■ Work to be completed ■
The answer is to be an exact copy of the lines below running from the line with "(\<alpha> * a" down to the line with "by (simp add: sum.distrib", both ends included, and nothing more.

** Opening Dataset records block **

lemma is_walk_map:
  assumes w: "is_walk k H xs i j" and into: "\<And>a. a < k \<Longrightarrow> f a < n"
    and hom: "\<And>a b. a < k \<Longrightarrow> b < k \<Longrightarrow> H a b \<Longrightarrow> E (f a) (f b)"
  shows "is_walk n E (map f xs) (f i) (f j)"
proof -
  have xs: "xs \<noteq> []" "set xs \<subseteq> {0..<k}" using w unfolding is_walk_def by auto
  have "E (f (xs ! a)) (f (xs ! (a + 1)))" if a: "a + 1 < length xs" for a
  proof (rule hom)
    have "xs ! a \<in> set xs" "xs ! (a + 1) \<in> set xs" using a by simp_all
    then show "xs ! a < k" "xs ! (a + 1) < k" using xs(2) by auto
    show "H (xs ! a) (xs ! (a + 1))" using w a unfolding is_walk_def by blast
  qed
  then show ?thesis using w xs into unfolding is_walk_def by (auto simp: hd_map last_map)
qed

section \<open>Distances and quadratic forms on an induced copy\<close>

lemma sum_image_the_inv_into:
  assumes inj: "inj_on f K" and "f ` K \<subseteq> N" "finite N"
  shows "(\<Sum>p\<in>N. if p \<in> f ` K then G (the_inv_into K f p) p else 0) = (\<Sum>i\<in>K. G i (f i))"
proof -
  have "(\<Sum>p\<in>N. if p \<in> f ` K then G (the_inv_into K f p) p else 0)
      = (\<Sum>p\<in>f ` K. G (the_inv_into K f p) p)"
    using assms by (simp add: sum.If_cases Int_absorb1)
  also have "\<dots> = (\<Sum>i\<in>K. G i (f i))"
    using inj by (simp add: sum.reindex the_inv_into_f_f)
  finally show ?thesis .
qed

lemma binary_quadratic_form_pos:
  fixes \<alpha> \<beta> \<gamma> a b :: real
  assumes "0 < \<alpha>" "\<beta>\<^sup>2 < \<alpha> * \<gamma>" "(a, b) \<noteq> (0, 0)"
  shows "0 < a\<^sup>2 * \<alpha> + 2 * a * b * \<beta> + b\<^sup>2 * \<gamma>"
proof -
  have "\<alpha> * (a\<^sup>2 * \<alpha> + 2 * a * b * \<beta> + b\<^sup>2 * \<gamma>)
      = (\<alpha> * a + \<beta> * b)\<^sup>2 + (\<alpha> * \<gamma> - \<beta>\<^sup>2) * b\<^sup>2"
    by (simp add: power2_eq_square algebra_simps)
  also have "\<dots> > 0"
  proof (cases "b = 0")
    case True
    then show ?thesis using assms by simp
  next
    case False
    then show ?thesis using assms by (intro add_nonneg_pos) auto
  qed
  finally show ?thesis using assms(1) by (simp add: zero_less_mult_iff)
qed

lemma bilinear_form_lincomb:
  fixes M :: "nat \<Rightarrow> nat \<Rightarrow> real"
  assumes sym: "\<And>i j. i \<in> I \<Longrightarrow> j \<in> I \<Longrightarrow> M i j = M j i"
  shows "(\<Sum>i\<in>I. \<Sum>j\<in>I. (a * g i + b * h i) * (a * g j + b * h j) * M i j)
    = a\<^sup>2 * (\<Sum>i\<in>I. \<Sum>j\<in>I. g i * g j * M i j) + 2 * a * b * (\<Sum>i\<in>I. \<Sum>j\<in>I. g i * h j * M i j)
      + b\<^sup>2 * (\<Sum>i\<in>I. \<Sum>j\<in>I. h i * h j * M i j)"
proof -
  have "(\<Sum>i\<in>I. \<Sum>j\<in>I. h i * g j * M i j) = (\<Sum>i\<in>I. \<Sum>j\<in>I. g i * h j * M i j)"
    by (subst sum.swap) (auto intro!: sum.cong simp: sym)
  moreover have "(\<Sum>i\<in>I. \<Sum>j\<in>I. (a * g i + b * h i) * (a * g j + b * h j) * M i j)
      = a\<^sup>2 * (\<Sum>i\<in>I. \<Sum>j\<in>I. g i * g j * M i j) + a * b * (\<Sum>i\<in>I. \<Sum>j\<in>I. g i * h j * M i j)
        + a * b * (\<Sum>i\<in>I. \<Sum>j\<in>I. h i * g j * M i j) + b\<^sup>2 * (\<Sum>i\<in>I. \<Sum>j\<in>I. h i * h j * M i j)"
    by (simp add: sum.distrib sum_distrib_left power2_eq_square algebra_simps)
  ultimately show ?thesis by simp
qed

locale induced_copy =
  fixes n :: nat and E :: "nat \<Rightarrow> nat \<Rightarrow> bool" and k :: nat and H :: "nat \<Rightarrow> nat \<Rightarrow> bool"
    and f :: "nat \<Rightarrow> nat"
  assumes simple: "simple_graph n E" and connected: "connected_graph n E"
    and inj: "inj_on f {0..<k}" and into: "f ` {0..<k} \<subseteq> {0..<n}"
    and induced: "\<And>i j. i < k \<Longrightarrow> j < k \<Longrightarrow> E (f i) (f j) \<longleftrightarrow> H i j"

lemma induced_copy_if_induced_subgraph:
  assumes "simple_graph n E" "connected_graph n E" "induced_subgraph_of k H n E"
  obtains f where "induced_copy n E k H f"
  using assms unfolding induced_subgraph_of_def induced_copy_def by blast

context induced_copy
begin

lemma copy_less: "i < k \<Longrightarrow> f i < n"
  using into by (auto simp: image_subset_iff)

lemma dist_copy_self: "i < k \<Longrightarrow> graph_dist n E (f i) (f i) = 0"
  by (rule graph_dist_self) (rule copy_less)

lemma dist_copy_swap:
  "j < i \<Longrightarrow> i < k \<Longrightarrow> graph_dist n E (f i) (f j) = graph_dist n E (f j) (f i)"
  by (rule graph_dist_sym[OF simple connected]) (simp_all add: copy_less)

lemma dist_copy_adjacent: "i < k \<Longrightarrow> j < k \<Longrightarrow> H i j \<Longrightarrow> graph_dist n E (f i) (f j) = 1"
  using graph_dist_adjacent[OF simple] induced by blast

lemmas dist_copy_simps = dist_copy_self dist_copy_swap dist_copy_adjacent

lemma dist_copy_le_walk: "is_walk k H xs i j \<Longrightarrow> graph_dist n E (f i) (f j) \<le> length xs - 1"
  using is_walk_map[of k H xs i j f n E] copy_less induced graph_dist_le_walk by fastforce

lemma dist_copy_nonadjacent:
  assumes "i < k" "j < k" "i \<noteq> j" "\<not> H i j"
  shows "2 \<le> graph_dist n E (f i) (f j)"
  using assms inj induced copy_less
  by (intro graph_dist_nonadjacent[OF connected]) (auto dest: inj_onD)

lemma dist_copy_between:
  assumes "is_walk k H xs i j" "i \<noteq> j" "\<not> H i j"
  shows "graph_dist n E (f i) (f j) \<in> {2..length xs - 1}"
proof -
  have "i \<in> set xs" "j \<in> set xs" using assms(1) unfolding is_walk_def by auto
  then have "i < k" "j < k" using assms(1) unfolding is_walk_def by auto
  then show ?thesis using assms dist_copy_nonadjacent dist_copy_le_walk by simp
qed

** Closing Dataset records block **

■ Response for this exercise ■
      = (\<alpha> * a + \<beta> * b)\<^sup>2 + (\<alpha> * \<gamma> - \<beta>\<^sup>2) * b\<^sup>2"
    by (simp add: power2_eq_square algebra_simps)
  also have "\<dots> > 0"
  proof (cases "b = 0")
    case True
    then show ?thesis using assms by simp
  next
    case False
    then show ?thesis using assms by (intro add_nonneg_pos) auto
  qed
  finally show ?thesis using assms(1) by (simp add: zero_less_mult_iff)
qed

lemma bilinear_form_lincomb:
  fixes M :: "nat \<Rightarrow> nat \<Rightarrow> real"
  assumes sym: "\<And>i j. i \<in> I \<Longrightarrow> j \<in> I \<Longrightarrow> M i j = M j i"
  shows "(\<Sum>i\<in>I. \<Sum>j\<in>I. (a * g i + b * h i) * (a * g j + b * h j) * M i j)
    = a\<^sup>2 * (\<Sum>i\<in>I. \<Sum>j\<in>I. g i * g j * M i j) + 2 * a * b * (\<Sum>i\<in>I. \<Sum>j\<in>I. g i * h j * M i j)
      + b\<^sup>2 * (\<Sum>i\<in>I. \<Sum>j\<in>I. h i * h j * M i j)"
proof -
  have "(\<Sum>i\<in>I. \<Sum>j\<in>I. h i * g j * M i j) = (\<Sum>i\<in>I. \<Sum>j\<in>I. g i * h j * M i j)"
    by (subst sum.swap) (auto intro!: sum.cong simp: sym)
  moreover have "(\<Sum>i\<in>I. \<Sum>j\<in>I. (a * g i + b * h i) * (a * g j + b * h j) * M i j)
      = a\<^sup>2 * (\<Sum>i\<in>I. \<Sum>j\<in>I. g i * g j * M i j) + a * b * (\<Sum>i\<in>I. \<Sum>j\<in>I. g i * h j * M i j)
        + a * b * (\<Sum>i\<in>I. \<Sum>j\<in>I. h i * g j * M i j) + b\<^sup>2 * (\<Sum>i\<in>I. \<Sum>j\<in>I. h i * h j * M i j)"
    by (simp add: sum.distrib sum_distrib_left power2_eq_square algebra_simps)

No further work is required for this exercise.